GIVEN RECORDS Start Marker

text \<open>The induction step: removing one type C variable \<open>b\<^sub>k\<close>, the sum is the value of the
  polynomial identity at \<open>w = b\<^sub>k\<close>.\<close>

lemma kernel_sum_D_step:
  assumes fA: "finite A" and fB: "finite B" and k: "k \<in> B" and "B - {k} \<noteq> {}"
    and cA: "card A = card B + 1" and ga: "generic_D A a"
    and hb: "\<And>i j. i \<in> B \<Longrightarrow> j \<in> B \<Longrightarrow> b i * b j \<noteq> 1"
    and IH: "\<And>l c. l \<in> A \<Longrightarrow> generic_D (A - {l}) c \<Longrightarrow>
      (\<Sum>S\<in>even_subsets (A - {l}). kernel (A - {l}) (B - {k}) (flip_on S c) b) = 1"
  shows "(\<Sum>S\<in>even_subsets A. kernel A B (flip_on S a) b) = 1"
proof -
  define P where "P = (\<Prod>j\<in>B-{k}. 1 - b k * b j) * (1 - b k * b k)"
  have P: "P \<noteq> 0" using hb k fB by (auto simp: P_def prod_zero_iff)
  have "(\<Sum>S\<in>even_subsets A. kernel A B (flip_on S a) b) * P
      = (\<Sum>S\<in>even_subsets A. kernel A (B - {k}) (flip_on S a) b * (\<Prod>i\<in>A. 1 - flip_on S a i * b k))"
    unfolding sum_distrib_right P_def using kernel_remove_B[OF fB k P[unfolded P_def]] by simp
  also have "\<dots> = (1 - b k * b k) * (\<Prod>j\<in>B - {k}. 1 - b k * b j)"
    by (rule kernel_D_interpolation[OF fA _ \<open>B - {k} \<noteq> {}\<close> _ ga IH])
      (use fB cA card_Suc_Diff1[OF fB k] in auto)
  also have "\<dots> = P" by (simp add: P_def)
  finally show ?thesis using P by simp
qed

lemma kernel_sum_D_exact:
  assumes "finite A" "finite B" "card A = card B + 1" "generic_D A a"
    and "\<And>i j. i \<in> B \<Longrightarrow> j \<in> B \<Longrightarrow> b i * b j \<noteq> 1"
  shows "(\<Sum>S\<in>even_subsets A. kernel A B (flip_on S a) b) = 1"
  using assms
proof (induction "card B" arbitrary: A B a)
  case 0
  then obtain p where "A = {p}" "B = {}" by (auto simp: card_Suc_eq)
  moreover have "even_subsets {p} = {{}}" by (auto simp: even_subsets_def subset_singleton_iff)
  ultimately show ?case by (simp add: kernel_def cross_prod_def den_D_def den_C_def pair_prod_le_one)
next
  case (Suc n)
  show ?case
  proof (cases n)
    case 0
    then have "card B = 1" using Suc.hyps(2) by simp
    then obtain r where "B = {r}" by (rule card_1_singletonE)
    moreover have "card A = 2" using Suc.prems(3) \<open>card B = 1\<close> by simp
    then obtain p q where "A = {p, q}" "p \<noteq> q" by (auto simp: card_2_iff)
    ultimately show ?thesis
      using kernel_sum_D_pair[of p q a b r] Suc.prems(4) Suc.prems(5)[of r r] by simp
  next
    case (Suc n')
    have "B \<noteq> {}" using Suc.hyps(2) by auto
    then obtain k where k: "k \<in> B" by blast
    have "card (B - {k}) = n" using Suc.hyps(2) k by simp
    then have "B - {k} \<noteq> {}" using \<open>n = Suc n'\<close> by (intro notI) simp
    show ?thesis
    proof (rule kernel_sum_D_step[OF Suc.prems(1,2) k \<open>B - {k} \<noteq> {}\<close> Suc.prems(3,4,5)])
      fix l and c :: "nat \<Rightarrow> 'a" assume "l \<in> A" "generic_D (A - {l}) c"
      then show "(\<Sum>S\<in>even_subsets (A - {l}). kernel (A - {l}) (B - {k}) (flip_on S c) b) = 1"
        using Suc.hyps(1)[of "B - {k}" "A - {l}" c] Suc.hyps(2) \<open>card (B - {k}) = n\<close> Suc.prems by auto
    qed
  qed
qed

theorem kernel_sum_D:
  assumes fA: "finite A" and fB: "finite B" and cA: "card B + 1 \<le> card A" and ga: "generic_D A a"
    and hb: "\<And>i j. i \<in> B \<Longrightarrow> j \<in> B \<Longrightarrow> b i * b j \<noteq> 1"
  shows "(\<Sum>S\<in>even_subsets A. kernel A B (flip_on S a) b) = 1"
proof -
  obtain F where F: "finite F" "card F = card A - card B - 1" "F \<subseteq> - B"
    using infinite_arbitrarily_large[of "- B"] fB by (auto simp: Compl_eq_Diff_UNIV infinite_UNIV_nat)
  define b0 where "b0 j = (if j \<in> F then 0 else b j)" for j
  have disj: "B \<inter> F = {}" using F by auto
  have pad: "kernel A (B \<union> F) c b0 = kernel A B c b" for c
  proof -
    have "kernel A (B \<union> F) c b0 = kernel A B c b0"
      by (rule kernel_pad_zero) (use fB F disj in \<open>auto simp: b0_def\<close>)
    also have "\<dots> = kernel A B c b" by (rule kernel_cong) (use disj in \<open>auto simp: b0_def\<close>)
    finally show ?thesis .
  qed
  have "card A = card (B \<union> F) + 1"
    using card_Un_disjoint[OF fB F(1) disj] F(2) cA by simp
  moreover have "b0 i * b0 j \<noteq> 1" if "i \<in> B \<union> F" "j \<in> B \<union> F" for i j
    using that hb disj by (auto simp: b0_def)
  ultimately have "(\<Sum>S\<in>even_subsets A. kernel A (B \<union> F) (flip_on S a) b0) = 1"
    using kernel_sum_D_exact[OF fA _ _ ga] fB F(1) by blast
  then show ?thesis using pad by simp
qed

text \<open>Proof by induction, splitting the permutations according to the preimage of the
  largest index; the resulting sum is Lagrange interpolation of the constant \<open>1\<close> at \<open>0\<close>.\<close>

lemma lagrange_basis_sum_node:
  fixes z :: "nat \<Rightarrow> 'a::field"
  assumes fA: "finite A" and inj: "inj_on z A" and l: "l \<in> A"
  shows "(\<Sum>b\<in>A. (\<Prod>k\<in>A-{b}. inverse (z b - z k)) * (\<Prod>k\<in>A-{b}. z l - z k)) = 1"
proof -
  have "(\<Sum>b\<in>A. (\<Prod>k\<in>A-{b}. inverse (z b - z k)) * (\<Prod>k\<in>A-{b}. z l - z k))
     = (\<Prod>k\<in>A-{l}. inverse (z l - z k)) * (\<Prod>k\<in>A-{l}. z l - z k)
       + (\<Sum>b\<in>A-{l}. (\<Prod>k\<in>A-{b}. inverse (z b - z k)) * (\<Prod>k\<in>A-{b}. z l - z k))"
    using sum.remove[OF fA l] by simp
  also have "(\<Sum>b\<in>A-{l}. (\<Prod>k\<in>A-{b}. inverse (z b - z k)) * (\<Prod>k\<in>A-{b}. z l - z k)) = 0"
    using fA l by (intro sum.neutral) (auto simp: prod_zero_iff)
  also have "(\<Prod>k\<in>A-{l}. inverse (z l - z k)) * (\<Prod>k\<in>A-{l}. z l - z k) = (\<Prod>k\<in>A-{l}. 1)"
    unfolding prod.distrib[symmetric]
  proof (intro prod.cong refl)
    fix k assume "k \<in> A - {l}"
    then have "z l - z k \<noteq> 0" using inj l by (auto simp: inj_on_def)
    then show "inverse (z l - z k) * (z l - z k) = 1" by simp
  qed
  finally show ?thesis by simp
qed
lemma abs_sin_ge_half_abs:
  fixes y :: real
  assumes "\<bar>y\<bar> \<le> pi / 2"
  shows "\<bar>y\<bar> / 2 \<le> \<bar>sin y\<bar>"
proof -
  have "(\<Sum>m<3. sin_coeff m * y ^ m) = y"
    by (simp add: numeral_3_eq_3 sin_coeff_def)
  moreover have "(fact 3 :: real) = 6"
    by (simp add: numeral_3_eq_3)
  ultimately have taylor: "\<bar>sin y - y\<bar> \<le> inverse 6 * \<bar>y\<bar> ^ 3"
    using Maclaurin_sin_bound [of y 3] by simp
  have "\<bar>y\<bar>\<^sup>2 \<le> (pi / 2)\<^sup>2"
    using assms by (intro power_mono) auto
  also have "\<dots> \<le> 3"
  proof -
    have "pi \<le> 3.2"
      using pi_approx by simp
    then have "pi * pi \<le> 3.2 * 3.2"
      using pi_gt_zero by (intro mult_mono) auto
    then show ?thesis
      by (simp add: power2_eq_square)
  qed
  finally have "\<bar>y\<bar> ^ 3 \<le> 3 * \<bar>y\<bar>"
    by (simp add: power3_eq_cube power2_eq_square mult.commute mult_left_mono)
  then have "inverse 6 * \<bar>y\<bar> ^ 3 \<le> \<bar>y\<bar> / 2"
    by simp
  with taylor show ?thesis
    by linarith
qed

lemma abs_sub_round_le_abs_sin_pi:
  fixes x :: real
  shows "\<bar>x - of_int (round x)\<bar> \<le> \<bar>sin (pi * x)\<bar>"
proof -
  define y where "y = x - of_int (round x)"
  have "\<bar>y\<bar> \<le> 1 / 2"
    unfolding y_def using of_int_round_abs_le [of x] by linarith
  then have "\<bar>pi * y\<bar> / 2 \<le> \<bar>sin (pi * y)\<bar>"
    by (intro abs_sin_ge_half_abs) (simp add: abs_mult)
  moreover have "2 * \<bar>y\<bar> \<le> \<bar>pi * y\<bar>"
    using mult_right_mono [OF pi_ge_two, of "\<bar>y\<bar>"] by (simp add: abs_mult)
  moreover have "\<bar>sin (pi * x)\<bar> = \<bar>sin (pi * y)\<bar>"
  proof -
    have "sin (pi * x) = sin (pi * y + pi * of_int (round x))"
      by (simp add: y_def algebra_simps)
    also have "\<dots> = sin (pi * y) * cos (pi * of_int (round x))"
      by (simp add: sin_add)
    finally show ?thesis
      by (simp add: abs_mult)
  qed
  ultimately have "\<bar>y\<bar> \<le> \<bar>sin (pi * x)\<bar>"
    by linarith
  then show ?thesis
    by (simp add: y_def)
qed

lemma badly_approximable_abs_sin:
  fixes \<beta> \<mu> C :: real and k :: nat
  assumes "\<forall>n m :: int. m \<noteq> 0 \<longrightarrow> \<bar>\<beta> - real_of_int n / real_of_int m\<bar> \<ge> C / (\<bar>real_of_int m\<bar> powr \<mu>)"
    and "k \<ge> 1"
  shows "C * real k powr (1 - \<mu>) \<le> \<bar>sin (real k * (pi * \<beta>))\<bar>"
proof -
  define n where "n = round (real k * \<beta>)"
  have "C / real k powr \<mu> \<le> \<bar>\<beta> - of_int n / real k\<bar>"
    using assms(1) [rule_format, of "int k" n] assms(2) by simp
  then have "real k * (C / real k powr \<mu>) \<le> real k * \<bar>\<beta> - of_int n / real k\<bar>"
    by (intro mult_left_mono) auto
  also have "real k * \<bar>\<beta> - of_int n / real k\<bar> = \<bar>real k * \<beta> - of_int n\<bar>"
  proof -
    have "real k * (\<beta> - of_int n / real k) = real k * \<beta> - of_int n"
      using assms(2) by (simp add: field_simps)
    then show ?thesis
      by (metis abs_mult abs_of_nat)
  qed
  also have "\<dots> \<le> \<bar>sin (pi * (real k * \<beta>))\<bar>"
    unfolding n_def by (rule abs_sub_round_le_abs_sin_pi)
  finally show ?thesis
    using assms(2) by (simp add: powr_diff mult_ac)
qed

GIVEN RECORDS End Marker
GIVEN RECORDS Start Marker

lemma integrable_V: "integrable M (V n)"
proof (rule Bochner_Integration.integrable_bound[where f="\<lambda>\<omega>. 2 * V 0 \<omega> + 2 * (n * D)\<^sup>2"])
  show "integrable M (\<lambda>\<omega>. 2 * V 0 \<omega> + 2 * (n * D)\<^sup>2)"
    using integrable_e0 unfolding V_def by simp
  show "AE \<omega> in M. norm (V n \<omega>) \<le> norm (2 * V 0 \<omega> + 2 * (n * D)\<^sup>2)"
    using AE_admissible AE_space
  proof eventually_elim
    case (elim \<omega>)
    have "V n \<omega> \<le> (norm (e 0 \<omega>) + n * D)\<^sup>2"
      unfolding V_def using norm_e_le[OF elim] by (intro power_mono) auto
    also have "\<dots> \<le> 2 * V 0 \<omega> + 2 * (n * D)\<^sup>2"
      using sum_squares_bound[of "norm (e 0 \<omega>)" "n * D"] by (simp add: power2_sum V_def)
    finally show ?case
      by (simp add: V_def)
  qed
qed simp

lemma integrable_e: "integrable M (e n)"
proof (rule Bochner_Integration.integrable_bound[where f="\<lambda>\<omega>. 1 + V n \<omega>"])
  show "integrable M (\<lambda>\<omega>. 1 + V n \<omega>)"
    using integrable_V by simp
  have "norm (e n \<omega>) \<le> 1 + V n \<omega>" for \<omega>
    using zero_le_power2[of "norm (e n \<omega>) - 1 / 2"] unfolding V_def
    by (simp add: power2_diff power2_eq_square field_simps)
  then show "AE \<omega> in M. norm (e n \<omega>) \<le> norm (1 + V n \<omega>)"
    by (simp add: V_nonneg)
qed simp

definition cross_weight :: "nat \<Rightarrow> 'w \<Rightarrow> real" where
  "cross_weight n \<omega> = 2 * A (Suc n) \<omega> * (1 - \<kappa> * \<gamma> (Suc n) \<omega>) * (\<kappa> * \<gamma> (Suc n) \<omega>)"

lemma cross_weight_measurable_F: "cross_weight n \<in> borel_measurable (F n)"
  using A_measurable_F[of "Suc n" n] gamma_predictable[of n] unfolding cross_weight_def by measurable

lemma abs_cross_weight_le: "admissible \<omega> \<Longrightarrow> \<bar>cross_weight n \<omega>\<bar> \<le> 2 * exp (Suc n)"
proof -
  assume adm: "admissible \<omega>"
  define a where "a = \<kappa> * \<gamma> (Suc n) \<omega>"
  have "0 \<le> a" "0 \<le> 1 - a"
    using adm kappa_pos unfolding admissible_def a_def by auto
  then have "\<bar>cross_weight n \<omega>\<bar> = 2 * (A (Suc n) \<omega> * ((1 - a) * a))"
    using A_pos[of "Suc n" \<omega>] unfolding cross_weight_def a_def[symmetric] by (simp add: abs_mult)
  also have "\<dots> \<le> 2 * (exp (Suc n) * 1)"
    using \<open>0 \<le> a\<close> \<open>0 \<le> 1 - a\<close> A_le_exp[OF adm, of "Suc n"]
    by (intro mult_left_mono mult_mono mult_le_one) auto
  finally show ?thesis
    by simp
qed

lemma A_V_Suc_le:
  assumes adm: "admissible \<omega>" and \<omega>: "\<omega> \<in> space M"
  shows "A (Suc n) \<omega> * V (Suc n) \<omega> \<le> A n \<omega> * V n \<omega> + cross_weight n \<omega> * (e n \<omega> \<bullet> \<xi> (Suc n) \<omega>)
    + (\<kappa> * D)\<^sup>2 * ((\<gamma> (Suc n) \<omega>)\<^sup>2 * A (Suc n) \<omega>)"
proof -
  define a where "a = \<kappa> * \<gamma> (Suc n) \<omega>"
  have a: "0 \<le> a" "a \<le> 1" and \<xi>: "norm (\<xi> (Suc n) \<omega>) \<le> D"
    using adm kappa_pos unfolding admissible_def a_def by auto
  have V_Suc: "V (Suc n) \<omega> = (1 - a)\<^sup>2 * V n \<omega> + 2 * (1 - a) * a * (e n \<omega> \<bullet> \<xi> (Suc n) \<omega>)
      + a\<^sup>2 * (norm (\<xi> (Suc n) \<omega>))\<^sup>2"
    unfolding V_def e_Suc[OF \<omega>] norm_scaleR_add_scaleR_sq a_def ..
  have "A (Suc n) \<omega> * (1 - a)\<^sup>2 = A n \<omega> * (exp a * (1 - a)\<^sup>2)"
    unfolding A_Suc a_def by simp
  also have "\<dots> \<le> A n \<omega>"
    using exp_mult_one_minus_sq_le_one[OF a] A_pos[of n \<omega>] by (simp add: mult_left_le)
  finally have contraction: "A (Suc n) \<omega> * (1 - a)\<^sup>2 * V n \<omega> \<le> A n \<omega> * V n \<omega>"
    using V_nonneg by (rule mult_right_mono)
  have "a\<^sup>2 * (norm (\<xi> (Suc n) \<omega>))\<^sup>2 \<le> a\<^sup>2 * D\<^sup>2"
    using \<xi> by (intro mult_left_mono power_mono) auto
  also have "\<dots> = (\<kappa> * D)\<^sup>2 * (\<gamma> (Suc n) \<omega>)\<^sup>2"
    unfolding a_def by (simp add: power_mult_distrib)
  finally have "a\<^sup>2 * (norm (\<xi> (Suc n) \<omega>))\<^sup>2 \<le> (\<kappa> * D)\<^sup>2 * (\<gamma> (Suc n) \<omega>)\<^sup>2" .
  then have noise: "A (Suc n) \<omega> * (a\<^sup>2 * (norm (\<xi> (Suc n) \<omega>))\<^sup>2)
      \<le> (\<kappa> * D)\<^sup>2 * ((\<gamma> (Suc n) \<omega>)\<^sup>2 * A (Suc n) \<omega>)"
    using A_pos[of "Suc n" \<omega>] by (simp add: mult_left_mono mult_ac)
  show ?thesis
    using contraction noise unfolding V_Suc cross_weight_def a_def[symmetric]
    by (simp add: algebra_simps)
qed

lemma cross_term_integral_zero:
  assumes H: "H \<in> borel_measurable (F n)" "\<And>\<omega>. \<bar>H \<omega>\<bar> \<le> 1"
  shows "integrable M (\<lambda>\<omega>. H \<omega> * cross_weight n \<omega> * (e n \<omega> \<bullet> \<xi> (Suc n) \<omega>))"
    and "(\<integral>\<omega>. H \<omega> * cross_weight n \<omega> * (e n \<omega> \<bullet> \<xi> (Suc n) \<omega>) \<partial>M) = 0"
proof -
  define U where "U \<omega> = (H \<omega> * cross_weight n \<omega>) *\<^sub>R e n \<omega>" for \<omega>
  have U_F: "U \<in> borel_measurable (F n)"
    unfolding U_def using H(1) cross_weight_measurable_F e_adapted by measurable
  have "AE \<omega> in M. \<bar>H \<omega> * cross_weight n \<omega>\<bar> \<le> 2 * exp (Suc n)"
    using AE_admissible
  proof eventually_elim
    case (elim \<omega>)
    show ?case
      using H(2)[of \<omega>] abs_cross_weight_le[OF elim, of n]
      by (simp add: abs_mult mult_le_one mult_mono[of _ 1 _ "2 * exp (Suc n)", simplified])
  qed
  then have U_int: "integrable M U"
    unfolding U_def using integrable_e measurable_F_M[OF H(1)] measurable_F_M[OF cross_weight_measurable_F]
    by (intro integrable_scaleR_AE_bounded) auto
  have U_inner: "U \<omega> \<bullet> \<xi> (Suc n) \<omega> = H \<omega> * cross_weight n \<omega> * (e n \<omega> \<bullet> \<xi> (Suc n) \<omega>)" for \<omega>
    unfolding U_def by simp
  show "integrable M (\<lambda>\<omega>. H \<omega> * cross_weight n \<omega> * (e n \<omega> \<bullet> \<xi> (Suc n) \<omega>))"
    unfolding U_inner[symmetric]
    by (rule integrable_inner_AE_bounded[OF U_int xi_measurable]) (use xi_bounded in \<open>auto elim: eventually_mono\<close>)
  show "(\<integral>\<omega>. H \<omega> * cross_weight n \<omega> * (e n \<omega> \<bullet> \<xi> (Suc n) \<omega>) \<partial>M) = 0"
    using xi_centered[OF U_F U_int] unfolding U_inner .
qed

GIVEN RECORDS End Marker
GIVEN RECORDS Start Marker

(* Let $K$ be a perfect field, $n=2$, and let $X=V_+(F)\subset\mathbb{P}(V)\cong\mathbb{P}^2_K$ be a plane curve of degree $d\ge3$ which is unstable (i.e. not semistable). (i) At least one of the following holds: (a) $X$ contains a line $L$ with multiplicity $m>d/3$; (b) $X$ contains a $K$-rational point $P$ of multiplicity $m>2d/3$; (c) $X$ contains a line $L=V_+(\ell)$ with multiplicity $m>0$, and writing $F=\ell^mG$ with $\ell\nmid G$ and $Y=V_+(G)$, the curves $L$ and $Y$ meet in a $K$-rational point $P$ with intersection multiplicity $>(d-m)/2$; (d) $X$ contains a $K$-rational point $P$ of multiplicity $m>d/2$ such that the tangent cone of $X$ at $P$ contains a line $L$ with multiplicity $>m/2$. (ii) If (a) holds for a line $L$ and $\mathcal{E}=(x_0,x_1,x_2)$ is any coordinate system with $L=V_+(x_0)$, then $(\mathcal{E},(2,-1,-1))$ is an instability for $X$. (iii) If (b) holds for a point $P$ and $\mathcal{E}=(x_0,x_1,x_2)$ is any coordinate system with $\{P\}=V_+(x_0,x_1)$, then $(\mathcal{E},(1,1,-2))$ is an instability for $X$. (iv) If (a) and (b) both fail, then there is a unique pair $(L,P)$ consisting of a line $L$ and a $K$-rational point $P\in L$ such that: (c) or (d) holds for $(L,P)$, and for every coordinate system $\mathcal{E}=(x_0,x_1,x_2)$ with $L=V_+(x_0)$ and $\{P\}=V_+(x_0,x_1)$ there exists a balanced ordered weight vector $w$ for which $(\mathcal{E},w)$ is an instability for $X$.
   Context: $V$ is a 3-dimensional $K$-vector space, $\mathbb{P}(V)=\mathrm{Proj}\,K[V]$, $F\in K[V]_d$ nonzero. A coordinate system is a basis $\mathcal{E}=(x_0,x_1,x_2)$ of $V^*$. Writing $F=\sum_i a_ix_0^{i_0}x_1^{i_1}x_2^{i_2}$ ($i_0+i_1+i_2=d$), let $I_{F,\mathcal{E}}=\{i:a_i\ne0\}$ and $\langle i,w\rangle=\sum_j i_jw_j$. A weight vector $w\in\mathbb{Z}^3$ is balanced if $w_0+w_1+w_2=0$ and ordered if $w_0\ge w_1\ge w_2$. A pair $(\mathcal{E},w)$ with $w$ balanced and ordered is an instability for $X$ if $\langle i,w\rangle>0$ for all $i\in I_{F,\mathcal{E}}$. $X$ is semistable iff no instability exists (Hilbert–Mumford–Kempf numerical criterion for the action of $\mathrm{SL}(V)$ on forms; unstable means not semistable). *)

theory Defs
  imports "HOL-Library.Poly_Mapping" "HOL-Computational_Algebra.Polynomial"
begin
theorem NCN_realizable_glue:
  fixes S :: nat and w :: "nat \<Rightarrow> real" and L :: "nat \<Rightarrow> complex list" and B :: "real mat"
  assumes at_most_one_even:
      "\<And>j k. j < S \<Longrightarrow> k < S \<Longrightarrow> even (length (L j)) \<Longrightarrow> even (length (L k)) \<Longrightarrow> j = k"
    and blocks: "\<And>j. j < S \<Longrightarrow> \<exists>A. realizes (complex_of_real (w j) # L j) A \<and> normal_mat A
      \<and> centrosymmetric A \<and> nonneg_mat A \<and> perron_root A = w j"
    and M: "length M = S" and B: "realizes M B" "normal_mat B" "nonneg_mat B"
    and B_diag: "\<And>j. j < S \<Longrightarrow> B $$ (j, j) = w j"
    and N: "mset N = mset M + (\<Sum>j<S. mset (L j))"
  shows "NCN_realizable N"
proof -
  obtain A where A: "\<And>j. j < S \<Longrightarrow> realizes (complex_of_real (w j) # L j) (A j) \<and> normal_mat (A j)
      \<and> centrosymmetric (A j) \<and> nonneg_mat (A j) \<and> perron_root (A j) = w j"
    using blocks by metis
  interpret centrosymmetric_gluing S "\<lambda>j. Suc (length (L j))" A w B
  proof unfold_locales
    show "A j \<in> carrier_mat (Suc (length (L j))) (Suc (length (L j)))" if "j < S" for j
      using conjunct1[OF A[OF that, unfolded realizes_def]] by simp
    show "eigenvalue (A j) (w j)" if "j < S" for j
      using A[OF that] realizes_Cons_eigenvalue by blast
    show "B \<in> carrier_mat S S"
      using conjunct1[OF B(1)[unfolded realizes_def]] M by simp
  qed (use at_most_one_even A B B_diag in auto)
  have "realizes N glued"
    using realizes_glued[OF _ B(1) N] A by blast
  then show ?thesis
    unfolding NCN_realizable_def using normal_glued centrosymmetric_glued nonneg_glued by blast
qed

GIVEN RECORDS End Marker

Out of the data above, set down the lines from the one with "case (Suc n)" to the one with "1\<close> by simp", both included, exactly as written and with no additions.

• _EXERCISE ANSWER_:
  case (Suc n)
  show ?case
  proof (cases n)
    case 0
    then have "card B = 1" using Suc.hyps(2) by simp
    then obtain r where "B = {r}" by (rule card_1_singletonE)
    moreover have "card A = 2" using Suc.prems(3) \<open>card B = 1\<close> by simp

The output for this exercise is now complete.